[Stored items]
BEGIN

theorem mainTheorem9:
  fixes A B C D :: "complex ^ 'n ^ 'n"
    and \<alpha> :: real and q :: complex
    and f :: "real \<Rightarrow> real" and \<nu> :: "real measure"
  assumes "CARD('n) \<ge> 2"
    and "0 \<le> \<alpha>" and "\<alpha> < pi / 2"
    and "A \<in> Pi_sector \<alpha>" and "B \<in> Pi_sector \<alpha>"
    and "C \<in> Pi_sector \<alpha>" and "D \<in> Pi_sector \<alpha>"
    and "0 < cmod q" and "cmod q \<le> 1"
    and "\<forall>x>0. f x > 0" and "f 1 = 1"
    and "operator_monotone_dim f TYPE('n)"
    and "prob_space \<nu>" and "sets \<nu> = sets (restrict_space borel {0..1})"
    and "\<forall>x>0. f x = (\<integral>s. inverse ((1 - s) + s * inverse x) \<partial>\<nu>)"
    and "loewner_le (realpart_mat A) (realpart_mat C)"
    and "loewner_le (realpart_mat B) (realpart_mat D)"
  shows "cmod q * q_numerical_radius q (matrix_mean \<nu> A B)
           \<le> (1 / cos \<alpha>) ^ 3 * q_numerical_radius q (matrix_mean \<nu> C D)"
proof -
  define t where "t = tan \<alpha>"
  have t: "0 \<le> t"
    using assms(2,3) tan_gt_zero[of \<alpha>] by (cases "\<alpha> = 0") (auto simp: t_def)
  have sec: "(1 / cos \<alpha>) ^ 3 = (1 + t\<^sup>2) * sqrt (1 + t\<^sup>2)"
    using assms(2,3) by (simp add: t_def sec_cube_eq cos_gt_zero_pi)
  have sectorial: "sectorial t A" "sectorial t B" "sectorial t C" "sectorial t D"
    using assms(4-7) by (simp_all add: t_def Pi_sector_imp_sectorial)
  have "\<And>v. Re (cinner (A *v v) v) \<le> Re (cinner (C *v v) v)"
    and "\<And>v. Re (cinner (B *v v) v) \<le> Re (cinner (D *v v) v)"
    using assms(16,17) by (simp_all add: loewner_le_realpart_iff)
  then have "cmod (cinner (matrix_mean \<nu> A B *v x) y)
      \<le> (1 / cos \<alpha>) ^ 3 / 2
         * (Re (cinner (matrix_mean \<nu> C D *v x) x) + Re (cinner (matrix_mean \<nu> C D *v y) y))"
    for x y
    unfolding sec using matrix_mean_norm_form_le[OF assms(13,14) sectorial t] by simp
  moreover have "0 \<le> (1 / cos \<alpha>) ^ 3"
    using sec by simp
  ultimately show ?thesis
    using assms(1,8,9) by (intro q_numerical_radius_le_form_bound) auto
qed

end
section \<open>Search games\<close>

lemma finite_ascent:
  fixes f :: "'a::finite \<Rightarrow> 'b::linorder"
  assumes "P s" and step: "\<And>s. P s \<Longrightarrow> Q \<or> (\<exists>t. P t \<and> f s < f t)"
  shows Q
  using \<open>P s\<close>
proof (induction "card {t. f s < f t}" arbitrary: s rule: less_induct)
  case less
  show Q
  proof (rule disjE[OF step[OF less.prems]])
    assume "\<exists>t. P t \<and> f s < f t"
    then obtain t where "P t" "f s < f t" by blast
    then have "{u. f t < f u} \<subset> {u. f s < f u}" by auto
    then have "card {u. f t < f u} < card {u. f s < f u}" by (simp add: psubset_card_mono)
    then show Q using \<open>P t\<close> by (rule less.hyps)
  qed
qed

locale search_game =
  fixes Part :: "'p::finite \<Rightarrow> 'w::finite set set" and \<mu> :: "'w \<Rightarrow> real" and K :: "'p \<Rightarrow> nat"
    and c :: "'p \<Rightarrow> nat \<Rightarrow> real" and v :: "'p \<Rightarrow> nat \<Rightarrow> 'w \<Rightarrow> real"
  assumes partition: "\<And>i. partition_on UNIV (Part i)"
    and mu_nonneg: "\<And>w. \<mu> w \<ge> 0"
    and c_convex: "\<And>i k. 1 \<le> k \<Longrightarrow> k + 1 \<le> K i \<Longrightarrow> c i (k + 1) - c i k \<ge> c i k - c i (k - 1)"
    and v_decr: "\<And>i m w. 1 \<le> m \<Longrightarrow> m + 1 \<le> card (UNIV :: 'p set) \<Longrightarrow> v i (m + 1) w \<le> v i m w"
begin

lemma Part_unique: "A \<in> Part i \<Longrightarrow> B \<in> Part i \<Longrightarrow> w \<in> A \<Longrightarrow> w \<in> B \<Longrightarrow> A = B"
  using disjointD[OF partition_onD2[OF partition]] by blast

lemma cell_eqI: "C \<in> Part i \<Longrightarrow> w \<in> C \<Longrightarrow> cell Part i w = C"
  unfolding cell_def by (rule the_equality) (auto dest: Part_unique)

lemma in_cell: "w \<in> cell Part i w"
proof -
  obtain C where "C \<in> Part i" "w \<in> C" using partition_onD1[OF partition, of i] by blast
  then show ?thesis by (simp add: cell_eqI)
qed

definition searches :: "('p \<Rightarrow> 'w set \<Rightarrow> 'w set) \<Rightarrow> 'p \<Rightarrow> 'w \<Rightarrow> bool" where
  "searches s i w \<longleftrightarrow> w \<in> s i (cell Part i w)"

abbreviation revise :: "('p \<Rightarrow> 'w set \<Rightarrow> 'w set) \<Rightarrow> 'p \<Rightarrow> 'w set \<Rightarrow> 'w set \<Rightarrow> 'p \<Rightarrow> 'w set \<Rightarrow> 'w set" where
  "revise s i C X \<equiv> s(i := (s i)(C := X))"
theorem lemma4p9:
  "\<exists>c0 :: real \<Rightarrow> real.
     (\<forall>C0\<ge>1. c0 C0 > 0) \<and>
     (\<forall>C0 C0'. 1 \<le> C0 \<longrightarrow> C0 \<le> C0' \<longrightarrow> c0 C0' \<le> c0 C0) \<and>
     (\<forall>C0 \<theta> \<omega>1 \<omega>2. C0 \<ge> 1 \<longrightarrow> 0 < \<theta> \<longrightarrow> \<theta> < 1/8 \<longrightarrow>
        dini_modulus \<omega>1 \<longrightarrow> dini_modulus \<omega>2 \<longrightarrow>
        (\<exists>C::real. \<forall>(H::real \<Rightarrow> real) (h::real \<Rightarrow> real) (\<kappa>::real) (\<gamma>::real).
           continuous_on {0<..1} H \<longrightarrow> continuous_on {0<..1} h \<longrightarrow>
           (\<forall>t\<in>{0<..1}. 0 \<le> H t \<and> 0 \<le> h t) \<longrightarrow>
           0 < \<kappa> \<longrightarrow> \<kappa> < 1/4 \<longrightarrow> 0 \<le> \<gamma> \<longrightarrow>
           (\<forall>r\<in>{\<kappa>..1/2}.
              (\<forall>t\<in>{r..2*r}. H t \<le> C0 * H (2*r)) \<and>
              (\<forall>t\<in>{r..2*r}. \<forall>s\<in>{r..2*r}. \<bar>h t - h s\<bar> \<le> C0 * H (2*r)) \<and>
              H (\<theta> * r) \<le> H r / 2 +
                 C0 * (\<omega>1 (\<kappa> / r) + \<omega>2 r + \<gamma>) * (H (2*r) + h (2*r))) \<longrightarrow>
           \<gamma> \<le> c0 C0 / \<bar>ln \<kappa>\<bar> \<longrightarrow>
           (\<forall>r\<in>{\<kappa>..1}. H r + h r \<le> C * (H 1 + h 1))))"
  apply (intro exI[of _ "\<lambda>_. 1"] conjI allI impI)
    apply simp
   apply simp
  subgoal premises setting for C0 \<theta> \<omega>1 \<omega>2
    apply (intro exI[of _ "decay_const C0 \<theta> \<omega>1 \<omega>2"] allI impI ballI)
    subgoal premises hyps for H h \<kappa> \<gamma> t
    proof -
      interpret dini_decay C0 \<theta> \<kappa> \<gamma> \<omega>1 \<omega>2 H h
        using setting hyps by unfold_locales auto
      show ?thesis
        using hyps by (simp add: bounded_by_unit_scale)
    qed
    done
  done

end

END

WHAT TO WORK ON.
Give only the number of lines in the data that hold the word "gamma".

ANSWER SPACE.
6